_What to do_
Transcribe only the lines of the listing below from the one holding "at_top. b t $" through the one holding "(* Once b has", inclusive, without any change.

_Data for the task_
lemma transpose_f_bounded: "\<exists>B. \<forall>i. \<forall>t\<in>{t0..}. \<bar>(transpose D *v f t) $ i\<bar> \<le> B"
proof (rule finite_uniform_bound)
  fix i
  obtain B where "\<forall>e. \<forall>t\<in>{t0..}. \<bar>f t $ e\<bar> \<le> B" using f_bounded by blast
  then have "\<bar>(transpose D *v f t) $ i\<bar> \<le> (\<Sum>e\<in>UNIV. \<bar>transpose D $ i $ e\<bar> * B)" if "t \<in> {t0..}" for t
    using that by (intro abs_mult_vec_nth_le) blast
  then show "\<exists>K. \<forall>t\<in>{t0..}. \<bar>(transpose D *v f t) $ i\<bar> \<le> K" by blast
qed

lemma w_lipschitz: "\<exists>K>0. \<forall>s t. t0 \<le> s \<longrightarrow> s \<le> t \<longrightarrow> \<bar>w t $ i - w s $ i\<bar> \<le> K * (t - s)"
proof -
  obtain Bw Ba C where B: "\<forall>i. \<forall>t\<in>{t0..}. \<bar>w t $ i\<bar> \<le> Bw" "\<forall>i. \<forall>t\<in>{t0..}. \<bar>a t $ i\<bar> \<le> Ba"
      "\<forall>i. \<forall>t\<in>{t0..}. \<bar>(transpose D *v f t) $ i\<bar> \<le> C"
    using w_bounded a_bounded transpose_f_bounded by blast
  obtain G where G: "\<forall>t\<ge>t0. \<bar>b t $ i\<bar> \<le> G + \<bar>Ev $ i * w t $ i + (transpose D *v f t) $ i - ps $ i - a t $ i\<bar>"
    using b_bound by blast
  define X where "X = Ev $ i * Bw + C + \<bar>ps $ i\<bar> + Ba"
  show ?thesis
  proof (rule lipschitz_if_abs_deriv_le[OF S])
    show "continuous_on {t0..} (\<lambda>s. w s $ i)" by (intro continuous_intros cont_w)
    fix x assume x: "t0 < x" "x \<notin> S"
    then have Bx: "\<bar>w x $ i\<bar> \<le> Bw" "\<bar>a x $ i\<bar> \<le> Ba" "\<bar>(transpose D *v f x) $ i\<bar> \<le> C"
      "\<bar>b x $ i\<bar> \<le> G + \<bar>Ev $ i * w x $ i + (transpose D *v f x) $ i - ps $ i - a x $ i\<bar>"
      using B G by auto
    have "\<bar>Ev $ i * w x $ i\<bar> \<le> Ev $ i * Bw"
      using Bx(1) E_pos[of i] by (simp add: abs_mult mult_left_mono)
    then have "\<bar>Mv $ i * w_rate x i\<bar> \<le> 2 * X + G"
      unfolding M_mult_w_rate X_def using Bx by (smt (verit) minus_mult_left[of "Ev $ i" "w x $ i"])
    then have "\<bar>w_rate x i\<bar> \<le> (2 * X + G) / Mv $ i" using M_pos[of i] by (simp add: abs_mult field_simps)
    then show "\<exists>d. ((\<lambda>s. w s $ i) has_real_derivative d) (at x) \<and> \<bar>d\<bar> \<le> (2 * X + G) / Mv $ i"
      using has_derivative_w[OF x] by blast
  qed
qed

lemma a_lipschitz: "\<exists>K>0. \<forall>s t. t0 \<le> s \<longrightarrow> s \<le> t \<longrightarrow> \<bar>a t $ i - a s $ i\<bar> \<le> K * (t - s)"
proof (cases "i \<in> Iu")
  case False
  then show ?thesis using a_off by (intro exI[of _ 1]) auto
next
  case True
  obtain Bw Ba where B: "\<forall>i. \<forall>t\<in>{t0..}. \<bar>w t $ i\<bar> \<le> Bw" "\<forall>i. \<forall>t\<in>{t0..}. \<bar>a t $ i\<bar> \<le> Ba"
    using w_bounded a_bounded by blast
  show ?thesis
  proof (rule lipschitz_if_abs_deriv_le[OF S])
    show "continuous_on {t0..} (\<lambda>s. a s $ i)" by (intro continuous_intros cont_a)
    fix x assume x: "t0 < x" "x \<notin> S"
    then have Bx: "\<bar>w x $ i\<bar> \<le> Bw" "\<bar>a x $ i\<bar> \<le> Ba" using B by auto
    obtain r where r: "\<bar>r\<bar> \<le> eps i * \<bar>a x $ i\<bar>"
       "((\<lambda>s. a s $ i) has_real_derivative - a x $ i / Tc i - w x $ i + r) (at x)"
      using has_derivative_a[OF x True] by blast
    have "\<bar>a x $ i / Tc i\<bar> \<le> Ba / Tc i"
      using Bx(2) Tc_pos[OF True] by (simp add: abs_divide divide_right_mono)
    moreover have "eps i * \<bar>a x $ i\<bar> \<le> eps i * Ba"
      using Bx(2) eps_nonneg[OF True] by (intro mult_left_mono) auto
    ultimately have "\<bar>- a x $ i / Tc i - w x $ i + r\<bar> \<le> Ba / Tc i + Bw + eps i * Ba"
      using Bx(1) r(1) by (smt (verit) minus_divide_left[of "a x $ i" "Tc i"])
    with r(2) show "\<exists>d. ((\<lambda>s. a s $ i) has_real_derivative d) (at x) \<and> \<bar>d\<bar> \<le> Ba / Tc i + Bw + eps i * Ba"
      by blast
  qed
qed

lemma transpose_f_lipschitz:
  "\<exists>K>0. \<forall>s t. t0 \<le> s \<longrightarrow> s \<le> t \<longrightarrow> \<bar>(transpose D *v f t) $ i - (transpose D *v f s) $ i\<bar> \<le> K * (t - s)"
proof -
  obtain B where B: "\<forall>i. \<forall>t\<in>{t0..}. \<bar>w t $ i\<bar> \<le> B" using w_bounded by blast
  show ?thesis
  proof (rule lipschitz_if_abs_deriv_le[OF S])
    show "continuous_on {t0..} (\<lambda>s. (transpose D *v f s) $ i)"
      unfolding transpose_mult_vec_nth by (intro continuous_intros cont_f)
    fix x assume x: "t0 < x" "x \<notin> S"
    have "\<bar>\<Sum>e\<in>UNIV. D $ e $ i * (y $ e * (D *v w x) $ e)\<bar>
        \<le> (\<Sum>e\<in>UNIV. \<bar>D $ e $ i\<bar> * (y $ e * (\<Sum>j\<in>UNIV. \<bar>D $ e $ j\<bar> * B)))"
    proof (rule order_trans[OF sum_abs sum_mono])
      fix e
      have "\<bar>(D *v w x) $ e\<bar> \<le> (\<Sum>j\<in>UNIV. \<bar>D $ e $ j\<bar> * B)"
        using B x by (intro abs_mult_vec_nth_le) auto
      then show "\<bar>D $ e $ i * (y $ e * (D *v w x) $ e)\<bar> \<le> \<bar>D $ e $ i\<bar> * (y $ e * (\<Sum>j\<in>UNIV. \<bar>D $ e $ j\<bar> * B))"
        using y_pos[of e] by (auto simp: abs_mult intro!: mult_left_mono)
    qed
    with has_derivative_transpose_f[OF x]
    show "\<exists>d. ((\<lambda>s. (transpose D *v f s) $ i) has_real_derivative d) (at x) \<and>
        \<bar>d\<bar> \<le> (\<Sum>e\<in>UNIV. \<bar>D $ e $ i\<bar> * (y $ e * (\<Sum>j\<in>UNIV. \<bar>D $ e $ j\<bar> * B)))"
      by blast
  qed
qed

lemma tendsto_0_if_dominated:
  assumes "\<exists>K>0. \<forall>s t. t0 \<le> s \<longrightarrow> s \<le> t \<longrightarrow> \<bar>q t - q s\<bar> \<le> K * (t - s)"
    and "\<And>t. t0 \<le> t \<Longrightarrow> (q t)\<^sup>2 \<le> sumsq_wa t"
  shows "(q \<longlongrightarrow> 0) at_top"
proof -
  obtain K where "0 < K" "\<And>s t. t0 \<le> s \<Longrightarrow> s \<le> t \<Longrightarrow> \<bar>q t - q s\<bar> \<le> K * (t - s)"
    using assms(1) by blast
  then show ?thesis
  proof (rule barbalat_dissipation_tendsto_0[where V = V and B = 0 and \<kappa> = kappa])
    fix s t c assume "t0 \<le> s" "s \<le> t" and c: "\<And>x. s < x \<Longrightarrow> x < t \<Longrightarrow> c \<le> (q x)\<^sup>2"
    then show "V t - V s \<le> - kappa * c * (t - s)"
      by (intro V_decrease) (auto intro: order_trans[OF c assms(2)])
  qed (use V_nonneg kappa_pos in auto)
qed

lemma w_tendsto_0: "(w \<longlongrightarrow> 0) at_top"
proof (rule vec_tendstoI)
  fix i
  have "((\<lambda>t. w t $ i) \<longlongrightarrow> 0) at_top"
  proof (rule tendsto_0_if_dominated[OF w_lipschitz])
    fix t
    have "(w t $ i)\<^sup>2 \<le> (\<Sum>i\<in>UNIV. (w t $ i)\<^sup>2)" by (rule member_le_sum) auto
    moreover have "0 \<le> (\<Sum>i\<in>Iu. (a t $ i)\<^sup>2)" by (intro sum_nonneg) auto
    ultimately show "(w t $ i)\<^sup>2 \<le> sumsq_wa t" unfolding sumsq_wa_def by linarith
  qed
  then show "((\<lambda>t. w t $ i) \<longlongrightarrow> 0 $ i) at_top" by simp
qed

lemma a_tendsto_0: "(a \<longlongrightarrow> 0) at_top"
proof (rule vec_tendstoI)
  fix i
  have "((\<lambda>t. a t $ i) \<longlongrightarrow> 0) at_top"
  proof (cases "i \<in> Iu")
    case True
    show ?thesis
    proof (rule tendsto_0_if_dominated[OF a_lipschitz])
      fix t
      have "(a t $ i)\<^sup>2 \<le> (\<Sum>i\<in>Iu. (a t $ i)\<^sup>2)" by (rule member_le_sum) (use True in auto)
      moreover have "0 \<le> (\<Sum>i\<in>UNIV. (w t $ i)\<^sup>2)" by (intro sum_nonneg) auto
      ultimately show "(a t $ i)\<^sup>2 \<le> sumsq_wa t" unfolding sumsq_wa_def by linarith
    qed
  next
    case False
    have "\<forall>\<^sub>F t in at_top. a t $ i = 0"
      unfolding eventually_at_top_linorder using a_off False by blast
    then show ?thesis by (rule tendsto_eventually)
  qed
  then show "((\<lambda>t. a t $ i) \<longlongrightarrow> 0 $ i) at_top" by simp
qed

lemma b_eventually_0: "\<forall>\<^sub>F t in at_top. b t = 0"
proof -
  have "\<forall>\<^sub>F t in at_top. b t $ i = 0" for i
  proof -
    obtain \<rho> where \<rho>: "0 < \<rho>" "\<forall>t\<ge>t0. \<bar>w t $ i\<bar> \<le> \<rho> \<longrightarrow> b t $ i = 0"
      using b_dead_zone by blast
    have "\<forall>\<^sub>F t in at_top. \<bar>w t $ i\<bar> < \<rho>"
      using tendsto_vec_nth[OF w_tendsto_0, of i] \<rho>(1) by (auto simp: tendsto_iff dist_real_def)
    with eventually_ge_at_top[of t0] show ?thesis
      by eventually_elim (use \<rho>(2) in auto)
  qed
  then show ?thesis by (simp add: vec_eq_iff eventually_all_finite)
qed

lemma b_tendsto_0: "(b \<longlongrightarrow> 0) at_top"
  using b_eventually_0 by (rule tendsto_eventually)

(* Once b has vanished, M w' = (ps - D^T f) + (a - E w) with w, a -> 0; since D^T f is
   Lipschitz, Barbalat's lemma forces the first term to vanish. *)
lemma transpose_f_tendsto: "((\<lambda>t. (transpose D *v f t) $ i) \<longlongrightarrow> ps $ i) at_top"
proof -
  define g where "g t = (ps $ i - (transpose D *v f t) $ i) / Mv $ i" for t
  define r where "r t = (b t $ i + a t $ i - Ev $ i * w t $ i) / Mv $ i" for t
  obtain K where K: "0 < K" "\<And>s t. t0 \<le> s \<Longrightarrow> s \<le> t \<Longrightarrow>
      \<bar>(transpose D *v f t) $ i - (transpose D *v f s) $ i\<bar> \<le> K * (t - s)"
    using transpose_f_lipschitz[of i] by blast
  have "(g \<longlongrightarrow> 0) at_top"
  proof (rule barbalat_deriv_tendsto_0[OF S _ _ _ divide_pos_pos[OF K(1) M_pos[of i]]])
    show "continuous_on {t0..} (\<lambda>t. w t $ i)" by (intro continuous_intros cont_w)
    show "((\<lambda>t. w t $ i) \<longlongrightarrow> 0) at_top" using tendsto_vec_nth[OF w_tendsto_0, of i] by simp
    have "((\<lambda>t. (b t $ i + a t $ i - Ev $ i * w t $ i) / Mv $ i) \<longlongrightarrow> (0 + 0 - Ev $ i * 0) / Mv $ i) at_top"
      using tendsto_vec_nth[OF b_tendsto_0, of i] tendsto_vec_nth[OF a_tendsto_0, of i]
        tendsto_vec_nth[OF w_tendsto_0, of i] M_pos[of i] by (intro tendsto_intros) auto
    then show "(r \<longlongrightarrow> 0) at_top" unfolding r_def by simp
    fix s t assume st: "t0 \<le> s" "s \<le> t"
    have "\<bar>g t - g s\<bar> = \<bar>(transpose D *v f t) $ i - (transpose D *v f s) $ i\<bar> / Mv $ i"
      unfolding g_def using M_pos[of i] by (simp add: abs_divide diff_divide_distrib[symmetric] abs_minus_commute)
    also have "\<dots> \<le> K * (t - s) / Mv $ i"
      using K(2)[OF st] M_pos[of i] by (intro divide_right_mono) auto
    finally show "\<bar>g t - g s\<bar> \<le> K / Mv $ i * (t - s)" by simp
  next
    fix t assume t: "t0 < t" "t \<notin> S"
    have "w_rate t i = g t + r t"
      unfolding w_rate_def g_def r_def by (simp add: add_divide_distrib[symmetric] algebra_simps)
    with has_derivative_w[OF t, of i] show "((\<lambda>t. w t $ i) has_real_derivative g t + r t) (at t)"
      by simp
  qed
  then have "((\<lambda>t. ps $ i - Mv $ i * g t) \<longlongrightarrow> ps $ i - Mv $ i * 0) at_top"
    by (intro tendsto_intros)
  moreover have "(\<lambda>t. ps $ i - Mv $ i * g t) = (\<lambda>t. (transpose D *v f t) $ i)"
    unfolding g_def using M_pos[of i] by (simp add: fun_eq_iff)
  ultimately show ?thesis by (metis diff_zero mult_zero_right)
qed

_Your response_
  have "\<forall>\<^sub>F t in at_top. b t $ i = 0" for i
  proof -
    obtain \<rho> where \<rho>: "0 < \<rho>" "\<forall>t\<ge>t0. \<bar>w t $ i\<bar> \<le> \<rho> \<longrightarrow> b t $ i = 0"
      using b_dead_zone by blast
    have "\<forall>\<^sub>F t in at_top. \<bar>w t $ i\<bar> < \<rho>"
      using tendsto_vec_nth[OF w_tendsto_0, of i] \<rho>(1) by (auto simp: tendsto_iff dist_real_def)
    with eventually_ge_at_top[of t0] show ?thesis
      by eventually_elim (use \<rho>(2) in auto)
  qed
  then show ?thesis by (simp add: vec_eq_iff eventually_all_finite)
qed

lemma b_tendsto_0: "(b \<longlongrightarrow> 0) at_top"
  using b_eventually_0 by (rule tendsto_eventually)

(* Once b has vanished, M w' = (ps - D^T f) + (a - E w) with w, a -> 0; since D^T f is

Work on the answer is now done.